Saturday, July 22, 2023

An Imaginative Rethinking of the Cinderella Tale

This morning Opera San José (OSJ) made available an opera it had premiered in 2017 for free viewing through YouTube with separate videos for the first and second parts of the production. The opera is a new approach to the Cinderella narrative, whose music was composed by Alma Deutscher, who was thirteen years old at the time. Deutscher returned to OSJ five years later to revive their production and to serve as conductor.

It would be fair to say that Deutscher is firmly confident in her abilities as both composer and conductor. She probably even relishes the efforts of the video production team to superimpose occasionally her conducting on top of the image of the staging of the opera itself:

I suspect that there has been more than a little bit of skepticism over her capabilities. Nevertheless, I appreciated her contemporary take on the narrative and her ability to keep the narrative moving without ever lingering on any particular episode for too long. In addition, she brought an arch wit to reflecting on operas of the past, even when they did not involve the Cinderella narrative.

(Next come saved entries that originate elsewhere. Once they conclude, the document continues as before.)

lemma psd_trace:
  assumes "psd M"
  shows "trace M = complex_of_real (Re (trace M))" "Re (trace M) \<ge> 0"
  using assms unfolding trace_eq_sum_cinner_axis psd_iff_cinner
  by (simp_all add: complex_eq_iff Im_sum Re_sum sum_nonneg)

lemma psd_trace_eq_0:
  assumes "psd M" "trace M = 0"
  shows "M = 0"
proof -
  have "Re (cinner (axis i 1) (M *v axis i 1)) = 0" for i
    using assms sum_nonneg_eq_0_iff[of UNIV "\<lambda>i. Re (cinner (axis i 1) (M *v axis i 1))"]
    unfolding trace_eq_sum_cinner_axis psd_iff_cinner by (simp add: Re_sum[symmetric])
  then have "cinner (axis i 1) (M *v axis i 1) = 0" for i
    using psd_quad_form_real[OF assms(1), of "axis i 1"] by simp
  then have "M *v axis i 1 = 0" for i by (rule psd_quad_form_eq_0[OF assms(1)])
  then have "M $ k $ i = 0" for k i using cinner_axis_mult_vec_axis[of k M i] by simp
  then show ?thesis by (simp add: vec_eq_iff)
qed

text \<open>The density \<open>\<sigma>\<close> only serves as the hidden state when \<open>T = 0\<close>.\<close>

lemma psd_eq_scaleR_density:
  fixes T \<sigma> :: "'n::finite op"
  assumes "psd T" "density_op \<sigma>"
  shows "\<exists>r. density_op r \<and> T = Re (trace T) *\<^sub>R r"
proof (cases "Re (trace T) = 0")
  case True
  then have "T = 0" using psd_trace[OF assms(1)] psd_trace_eq_0[OF assms(1)] by simp
  then show ?thesis using True assms(2) by (intro exI[of _ \<sigma>]) simp
next
  case False
  then have "Re (trace T) > 0" using psd_trace(2)[OF assms(1)] by simp
  have "trace ((1 / Re (trace T)) *\<^sub>R T) = complex_of_real (1 / Re (trace T)) * complex_of_real (Re (trace T))"
    unfolding trace_scaleR using psd_trace(1)[OF assms(1)] by simp
  also have "\<dots> = 1" using False by (simp flip: of_real_mult)
  finally have "density_op ((1 / Re (trace T)) *\<^sub>R T)"
    unfolding density_op_def using psd_scaleR[OF assms(1)] \<open>Re (trace T) > 0\<close> by simp
  then show ?thesis using False by auto
qed

lemma povm_sandwich_trace_sum:
  assumes "density_op (C ** adj C)" "povm G L"
  shows "(\<Sum>l\<in>L. Re (trace (C ** G l ** adj C))) = 1"
proof -
  have psd: "psd (C ** G l ** adj C)" if "l \<in> L" for l
    using psd_sandwich assms(2) that unfolding povm_def by blast
  have "(\<Sum>l\<in>L. C ** G l ** adj C) = C ** (\<Sum>l\<in>L. G l) ** adj C"
    by (simp only: matrix_mul_sum_right matrix_mul_sum_left)
  also have "\<dots> = C ** adj C" using assms(2) unfolding povm_def by simp
  finally have sum: "(\<Sum>l\<in>L. C ** G l ** adj C) = C ** adj C" .
  have "complex_of_real (\<Sum>l\<in>L. Re (trace (C ** G l ** adj C))) = (\<Sum>l\<in>L. trace (C ** G l ** adj C))"
    unfolding of_real_sum by (intro sum.cong refl) (simp add: psd_trace(1)[OF psd, symmetric])
  also have "\<dots> = 1" using assms(1) sum unfolding density_op_def trace_sum[symmetric] by simp
  finally show ?thesis by (simp only: of_real_eq_1_iff)
qed
(* Let $\Gamma=(G,\sigma)$ be a signed graph with $G=(V,E)$, $|V|=n$, and let $\alpha$ be the cardinality of a maximum independent set of $G$. Then for every $p>1$, $$\lambda_\alpha^{(p)}\le\max_{1\le i\le n}\frac{\sum_{j\sim i}w_{ij}+\kappa_i}{\mu_i}.$$
   Context: $G=(V,E)$ is a finite undirected graph without self-loops, $V=\{1,\dots,n\}$, $i\sim j$ means $\{i,j\}\in E$. A signed graph $\Gamma=(G,\sigma)$ has signature $\sigma:E\to\{\pm1\}$, edge weight $w:E\to(0,\infty)$, vertex measure $\mu:V\to(0,\infty)$, potential $\kappa:V\to\mathbb R$. For $p\ge1$ and nonzero $f$, $\mathcal R_p^\sigma(f)=\frac{\sum_{\{i,j\}\in E}w_{ij}|f(i)-\sigma_{ij}f(j)|^p+\sum_i\kappa_i|f(i)|^p}{\sum_i\mu_i|f(i)|^p}$; $\mathcal S_p=\{f:\sum_i\mu_i|f(i)|^p=1\}$; Krasnoselskii genus $\gamma(B)$ of closed symmetric $B\subset\mathbb R^n\setminus\{0\}$: least $k$ with an odd continuous map $B\to\mathbb R^k\setminus\{0\}$; $\mathcal F_k(\mathcal S_p)$ = closed symmetric $B\subset\mathcal S_p$ with $\gamma(B)\ge k$; $\lambda_k^{(p)}=\min_{B\in\mathcal F_k(\mathcal S_p)}\max_{f\in B}\mathcal R_p^\sigma(f)$. *)

theory Defs
  imports "HOL-Analysis.Analysis" "HOL-Library.Extended_Nat"
begin

text \<open>Vertices are the elements of a finite type 'n (so V has CARD('n) = n elements);
  functions on V are vectors in real^'n. The graph is given by a symmetric irreflexive
  adjacency relation adj.\<close>

definition simple_graph :: "('n::finite \<Rightarrow> 'n \<Rightarrow> bool) \<Rightarrow> bool" where
  "simple_graph adj \<longleftrightarrow> (\<forall>i j. adj i j \<longrightarrow> adj j i) \<and> (\<forall>i. \<not> adj i i)"

definition independent_set :: "('n::finite \<Rightarrow> 'n \<Rightarrow> bool) \<Rightarrow> 'n set \<Rightarrow> bool" where
  "independent_set adj S \<longleftrightarrow> (\<forall>i\<in>S. \<forall>j\<in>S. \<not> adj i j)"

definition independence_number :: "('n::finite \<Rightarrow> 'n \<Rightarrow> bool) \<Rightarrow> nat" where
  "independence_number adj = Max (card ` {S. independent_set adj S})"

As a result, it was not entirely surprising that one of the episodes included a lapse into the travails of Giuseppe Verdi’s La Traviata, even if that action took place only in the orchestra pit. There was also an amusing moment when the stepsisters lapsed into “Beckmesser mode” with a nod to Richard Wagner’s Die Meistersinger von Nürnberg. Finally, it struck me that the way in which Cinderella (soprano Natalia Santaliz) and the Prince (tenor Joey Hammond-Leppek) encounter each other reminded me of Pamina and Tamino in Wolfgang Amadeus Mozart’s The Magic Flute.

For all of those cross-references, there was still more than enough originality to go around in the text of the libretto; and I came away from watching today’s video with thoughts that I might revisit the work in the not-too-distant future.